Cindy Stowell

Improving Questions: The Sapling Learning Quality Control Process

Blog Post created by Cindy Stowell on Jun 30, 2016

Sapling Learning is committed to creating the highest quality content, but we also devote a considerable effort towards maintaining and improving the efficacy of existing questions. This post covers what happens to a question after it is "live" (available for use in assignments).

There are two general opportunities for question revision during a question's lifetime: revision prompted by instructor or student comments, and revision through periodic, statistical reviews. The types of flaws caught in each instance tend to be very different in nature.
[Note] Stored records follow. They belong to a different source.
theorem theorem2:
  fixes M :: "'a measure"
  assumes "prob_space M"
  shows
   "(\<forall>(\<mu>s :: nat \<Rightarrow> real measure) (\<mu> :: real measure).
       (\<forall>n. D_minus (\<mu>s n)) \<and> real_distribution \<mu> \<and> weak_conv_m \<mu>s \<mu> \<longrightarrow> D_minus \<mu>)
  \<and> (\<forall>X. X \<in> borel_measurable M \<and> D_minus_rv M X \<and> \<not> (\<exists>c. AE \<omega> in M. X \<omega> = c)
        \<longrightarrow> (\<integral>\<^sup>+ \<omega>. ennreal \<bar>X \<omega>\<bar> \<partial>M) = \<infinity>)
  \<and> (\<forall>X (a::real) (b::real). X \<in> borel_measurable M \<and> D_minus_rv M X \<and> 0 < a
        \<longrightarrow> D_minus_rv M (\<lambda>\<omega>. a * X \<omega> + b))
  \<and> (\<forall>X Y. X \<in> borel_measurable M \<and> Y \<in> borel_measurable M \<and> D_minus_rv M X \<and> D_minus_rv M Y
        \<and> prob_space.indep_var M borel X borel Y
        \<longrightarrow> D_minus_rv M (\<lambda>\<omega>. X \<omega> + Y \<omega>))
  \<and> (\<forall>X Y. X \<in> borel_measurable M \<and> Y \<in> borel_measurable M \<and> D_minus_rv M X \<and> D_minus_rv M Y
        \<and> prob_space.indep_var M borel X borel Y
        \<longrightarrow> D_minus_rv M (\<lambda>\<omega>. max (X \<omega>) (Y \<omega>)))
  \<and> (\<forall>X (\<phi>::real \<Rightarrow> real). X \<in> borel_measurable M \<and> D_minus_rv M X \<and> mono \<phi> \<and> convex_on UNIV \<phi>
        \<longrightarrow> D_minus_rv M (\<lambda>\<omega>. \<phi> (X \<omega>)))"
proof -
  have add_convex: "convex_on UNIV (\<lambda>p::real \<times> real. fst p + snd p)"
    by (simp add: convex_on_def algebra_simps)
  have max_convex: "convex_on UNIV (\<lambda>p::real \<times> real. max (fst p) (snd p))"
    by (auto simp: convex_on_def intro!: max.boundedI add_mono mult_left_mono)
  have add_mono': "fst (x, y) + snd (x, y) \<le> fst (x', y') + snd (x', y')"
    and max_mono: "max (fst (x, y)) (snd (x, y)) \<le> max (fst (x', y')) (snd (x', y'))"
    if "x \<le> x'" "y \<le> y'" for x y x' y' :: real
    using that by (auto simp: max_def)
  have add: "D_minus_rv M (\<lambda>\<omega>. X \<omega> + Y \<omega>)"
    and max: "D_minus_rv M (\<lambda>\<omega>. max (X \<omega>) (Y \<omega>))"
    if "X \<in> borel_measurable M" "Y \<in> borel_measurable M" "D_minus_rv M X" "D_minus_rv M Y"
      "prob_space.indep_var M borel X borel Y" for X Y
    using D_minus_rv_indep_convex_mono[OF assms that add_convex add_mono']
      D_minus_rv_indep_convex_mono[OF assms that max_convex max_mono]
    by simp_all
  show ?thesis
    using D_minus_weak_conv_limit D_minus_rv_nondegenerate_imp_infinite_mean[OF assms]
      D_minus_rv_affine add max D_minus_rv_convex_mono
    by blast
qed

end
Occasionally, a Tech TA or Sapling Learning Support will receive an email or call from an instructor or student alerting us to a potential error with a question. The question may have a wording issue, the tolerances on the question may be too tight, or, rarely, the correct answer may be incorrectly coded. Regardless, the issue with the question is often specific and the action is immediate: we may remove the question from the assignment, or replace the question with a corrected version.

There can be other issues with a question that are more subtle, and that is why we perform periodic, statistical reviews. During these reviews, Sapling Learning Tech TA’s analyze the statistical data for the questions that we have written. The statistics for each question include information about student views, attempts, average scores, and information about thetriggered feedback. For each difficulty rating (easy, medium, and hard) within a discipline, we look for outliers—that is, questions for which students have taken significantly more or less attempts or have received more or less points than average for that difficulty rating. Those questions are flagged, and we examine the questions to see if we can find anything that might cause the unusual behavior. Sometimes the incorrect feedback could be improved, sometimes an issue only occurs for some values of a randomly generated variable, and sometimes question tolerances are too tight. In the instances where we cannot find a flaw in the question, we consider giving the question a new difficulty rating.

Quickly addressing potential question flaws, regardless of how the flaw is brought to our attention, is one way that we continuously improve our question bank.  However, there are always opportunities to make this process better. As an instructor, what do you consider the hallmarks of our best content?